SUPPLIED DATA section start
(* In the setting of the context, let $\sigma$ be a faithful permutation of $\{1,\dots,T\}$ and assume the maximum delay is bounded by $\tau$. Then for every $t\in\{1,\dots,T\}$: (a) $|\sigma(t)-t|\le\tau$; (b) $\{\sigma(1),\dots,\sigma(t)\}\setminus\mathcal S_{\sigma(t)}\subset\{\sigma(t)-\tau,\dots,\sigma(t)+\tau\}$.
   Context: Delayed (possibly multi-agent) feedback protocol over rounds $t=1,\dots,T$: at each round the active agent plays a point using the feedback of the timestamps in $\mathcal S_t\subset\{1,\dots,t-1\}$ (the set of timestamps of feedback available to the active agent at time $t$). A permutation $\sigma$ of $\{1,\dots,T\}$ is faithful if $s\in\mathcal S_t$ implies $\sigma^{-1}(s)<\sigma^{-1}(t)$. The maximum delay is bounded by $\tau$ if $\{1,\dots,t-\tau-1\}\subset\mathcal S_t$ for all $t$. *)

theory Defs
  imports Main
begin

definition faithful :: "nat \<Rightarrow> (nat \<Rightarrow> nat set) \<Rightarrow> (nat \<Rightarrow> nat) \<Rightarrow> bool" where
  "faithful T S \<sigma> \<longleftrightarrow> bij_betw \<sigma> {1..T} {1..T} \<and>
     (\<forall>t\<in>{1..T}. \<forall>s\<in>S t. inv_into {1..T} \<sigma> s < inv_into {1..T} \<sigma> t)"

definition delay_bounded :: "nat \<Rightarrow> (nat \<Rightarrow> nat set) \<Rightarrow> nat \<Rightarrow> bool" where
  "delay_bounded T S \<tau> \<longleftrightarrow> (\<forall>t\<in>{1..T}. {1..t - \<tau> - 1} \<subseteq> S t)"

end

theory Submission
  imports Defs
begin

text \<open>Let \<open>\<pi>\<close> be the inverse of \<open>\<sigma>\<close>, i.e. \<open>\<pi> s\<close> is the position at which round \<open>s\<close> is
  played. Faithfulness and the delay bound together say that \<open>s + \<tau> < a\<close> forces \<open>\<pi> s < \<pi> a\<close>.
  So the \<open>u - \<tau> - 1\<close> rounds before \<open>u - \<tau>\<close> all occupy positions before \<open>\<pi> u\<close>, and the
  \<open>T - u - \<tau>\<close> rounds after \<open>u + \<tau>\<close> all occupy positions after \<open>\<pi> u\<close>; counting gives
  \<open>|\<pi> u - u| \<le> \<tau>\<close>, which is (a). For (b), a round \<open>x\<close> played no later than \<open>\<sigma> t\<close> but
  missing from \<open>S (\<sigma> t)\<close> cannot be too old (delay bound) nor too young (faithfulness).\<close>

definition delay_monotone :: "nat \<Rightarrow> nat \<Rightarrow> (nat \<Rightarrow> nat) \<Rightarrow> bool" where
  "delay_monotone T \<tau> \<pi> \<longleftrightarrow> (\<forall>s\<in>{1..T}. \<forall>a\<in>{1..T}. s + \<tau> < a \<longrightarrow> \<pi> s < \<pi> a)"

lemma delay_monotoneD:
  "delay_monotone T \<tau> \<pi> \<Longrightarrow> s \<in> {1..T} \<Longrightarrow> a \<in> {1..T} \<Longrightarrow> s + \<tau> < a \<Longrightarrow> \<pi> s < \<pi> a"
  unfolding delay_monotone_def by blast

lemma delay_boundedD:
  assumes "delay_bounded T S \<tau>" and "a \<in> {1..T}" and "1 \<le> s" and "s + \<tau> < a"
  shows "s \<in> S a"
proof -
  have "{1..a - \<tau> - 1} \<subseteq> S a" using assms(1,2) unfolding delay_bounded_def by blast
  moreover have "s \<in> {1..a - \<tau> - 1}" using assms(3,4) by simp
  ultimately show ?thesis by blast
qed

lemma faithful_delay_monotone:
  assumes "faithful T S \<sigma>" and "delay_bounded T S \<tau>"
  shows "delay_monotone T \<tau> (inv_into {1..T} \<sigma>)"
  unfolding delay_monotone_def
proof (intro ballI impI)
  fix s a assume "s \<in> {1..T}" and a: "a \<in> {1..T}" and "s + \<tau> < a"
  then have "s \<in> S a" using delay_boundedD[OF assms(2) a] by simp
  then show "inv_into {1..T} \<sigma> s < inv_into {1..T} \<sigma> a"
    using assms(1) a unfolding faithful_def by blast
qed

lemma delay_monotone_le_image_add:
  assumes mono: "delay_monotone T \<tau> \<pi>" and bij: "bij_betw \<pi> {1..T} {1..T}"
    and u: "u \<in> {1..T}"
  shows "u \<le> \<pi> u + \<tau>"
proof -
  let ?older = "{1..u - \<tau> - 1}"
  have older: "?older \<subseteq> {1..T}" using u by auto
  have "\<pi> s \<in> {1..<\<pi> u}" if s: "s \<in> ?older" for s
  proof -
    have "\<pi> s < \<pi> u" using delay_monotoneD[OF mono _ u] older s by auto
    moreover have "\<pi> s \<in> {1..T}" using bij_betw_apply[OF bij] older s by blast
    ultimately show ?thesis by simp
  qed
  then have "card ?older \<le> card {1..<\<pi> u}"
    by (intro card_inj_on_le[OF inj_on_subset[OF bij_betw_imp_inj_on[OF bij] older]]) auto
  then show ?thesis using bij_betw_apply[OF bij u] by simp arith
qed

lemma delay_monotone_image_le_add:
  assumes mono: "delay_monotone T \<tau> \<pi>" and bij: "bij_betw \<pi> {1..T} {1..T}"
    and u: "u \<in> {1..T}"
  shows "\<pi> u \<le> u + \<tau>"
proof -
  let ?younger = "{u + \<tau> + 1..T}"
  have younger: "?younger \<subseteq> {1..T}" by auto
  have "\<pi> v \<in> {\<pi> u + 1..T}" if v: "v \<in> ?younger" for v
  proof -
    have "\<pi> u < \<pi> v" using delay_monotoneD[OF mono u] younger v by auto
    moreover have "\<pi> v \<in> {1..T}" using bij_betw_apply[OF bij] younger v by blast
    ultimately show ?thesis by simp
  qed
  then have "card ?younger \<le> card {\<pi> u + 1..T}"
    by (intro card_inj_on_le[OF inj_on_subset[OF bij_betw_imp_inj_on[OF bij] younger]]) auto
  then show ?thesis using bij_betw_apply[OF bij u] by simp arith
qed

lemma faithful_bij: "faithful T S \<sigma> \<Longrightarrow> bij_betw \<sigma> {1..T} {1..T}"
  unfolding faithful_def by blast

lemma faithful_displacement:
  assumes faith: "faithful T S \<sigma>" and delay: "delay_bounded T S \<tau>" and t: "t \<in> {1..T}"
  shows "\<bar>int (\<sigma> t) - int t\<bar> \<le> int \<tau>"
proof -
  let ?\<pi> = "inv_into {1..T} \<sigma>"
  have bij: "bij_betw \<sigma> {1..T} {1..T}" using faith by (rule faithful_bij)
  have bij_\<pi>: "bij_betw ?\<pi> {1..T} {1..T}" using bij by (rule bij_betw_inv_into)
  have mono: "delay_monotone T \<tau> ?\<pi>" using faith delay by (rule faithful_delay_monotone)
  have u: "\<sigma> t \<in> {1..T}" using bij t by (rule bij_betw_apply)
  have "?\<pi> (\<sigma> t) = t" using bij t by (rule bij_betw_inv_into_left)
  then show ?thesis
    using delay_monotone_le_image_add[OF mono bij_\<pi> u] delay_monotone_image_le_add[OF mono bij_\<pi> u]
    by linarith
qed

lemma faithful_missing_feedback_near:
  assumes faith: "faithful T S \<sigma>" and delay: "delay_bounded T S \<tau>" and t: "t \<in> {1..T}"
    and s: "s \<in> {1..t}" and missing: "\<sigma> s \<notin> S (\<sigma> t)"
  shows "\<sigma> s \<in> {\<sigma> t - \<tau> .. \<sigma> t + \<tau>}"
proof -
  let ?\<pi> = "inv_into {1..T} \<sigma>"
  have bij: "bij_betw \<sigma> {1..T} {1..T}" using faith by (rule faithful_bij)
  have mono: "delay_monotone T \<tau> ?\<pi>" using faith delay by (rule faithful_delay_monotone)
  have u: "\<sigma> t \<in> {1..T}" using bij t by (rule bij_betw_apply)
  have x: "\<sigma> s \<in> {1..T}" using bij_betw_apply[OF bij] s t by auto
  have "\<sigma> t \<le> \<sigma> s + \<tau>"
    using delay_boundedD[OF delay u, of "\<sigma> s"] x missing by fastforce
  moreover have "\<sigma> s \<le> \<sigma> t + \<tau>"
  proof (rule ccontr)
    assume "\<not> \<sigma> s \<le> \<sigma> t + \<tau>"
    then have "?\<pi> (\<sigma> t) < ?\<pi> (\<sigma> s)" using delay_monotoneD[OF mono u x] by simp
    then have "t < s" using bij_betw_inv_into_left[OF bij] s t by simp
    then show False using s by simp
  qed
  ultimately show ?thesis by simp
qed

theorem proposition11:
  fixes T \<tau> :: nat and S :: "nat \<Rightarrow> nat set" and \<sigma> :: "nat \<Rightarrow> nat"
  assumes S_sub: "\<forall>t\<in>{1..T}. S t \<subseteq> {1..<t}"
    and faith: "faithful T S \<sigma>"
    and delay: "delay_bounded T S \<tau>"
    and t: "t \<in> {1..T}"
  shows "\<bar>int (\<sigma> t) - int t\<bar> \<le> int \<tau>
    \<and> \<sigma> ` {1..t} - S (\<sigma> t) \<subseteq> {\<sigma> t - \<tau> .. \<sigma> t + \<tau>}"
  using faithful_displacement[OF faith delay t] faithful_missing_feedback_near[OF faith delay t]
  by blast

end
SUPPLIED DATA section end
DESCRIPTION OF THE TASK -
Which of the lines above include the word "mathcal"? List those lines.

EXERCISE RESPONSE -
(* In the setting of the context, let $\sigma$ be a faithful permutation of $\{1,\dots,T\}$ and assume the maximum delay is bounded by $\tau$. Then for every $t\in\{1,\dots,T\}$: (a) $|\sigma(t)-t|\le\tau$; (b) $\{\sigma(1),\dots,\sigma(t)\}\setminus\mathcal S_{\sigma(t)}\subset\{\sigma(t)-\tau,\dots,\sigma(t)+\tau\}$.
   Context: Delayed (possibly multi-agent) feedback protocol over rounds $t=1,\dots,T$: at each round the active agent plays a point using the feedback of the timestamps in $\mathcal S_t\subset\{1,\dots,t-1\}$ (the set of timestamps of feedback available to the active agent at time $t$). A permutation $\sigma$ of $\{1,\dots,T\}$ is faithful if $s\in\mathcal S_t$ implies $\sigma^{-1}(s)<\sigma^{-1}(t)$. The maximum delay is bounded by $\tau$ if $\{1,\dots,t-\tau-1\}\subset\mathcal S_t$ for all $t$. *)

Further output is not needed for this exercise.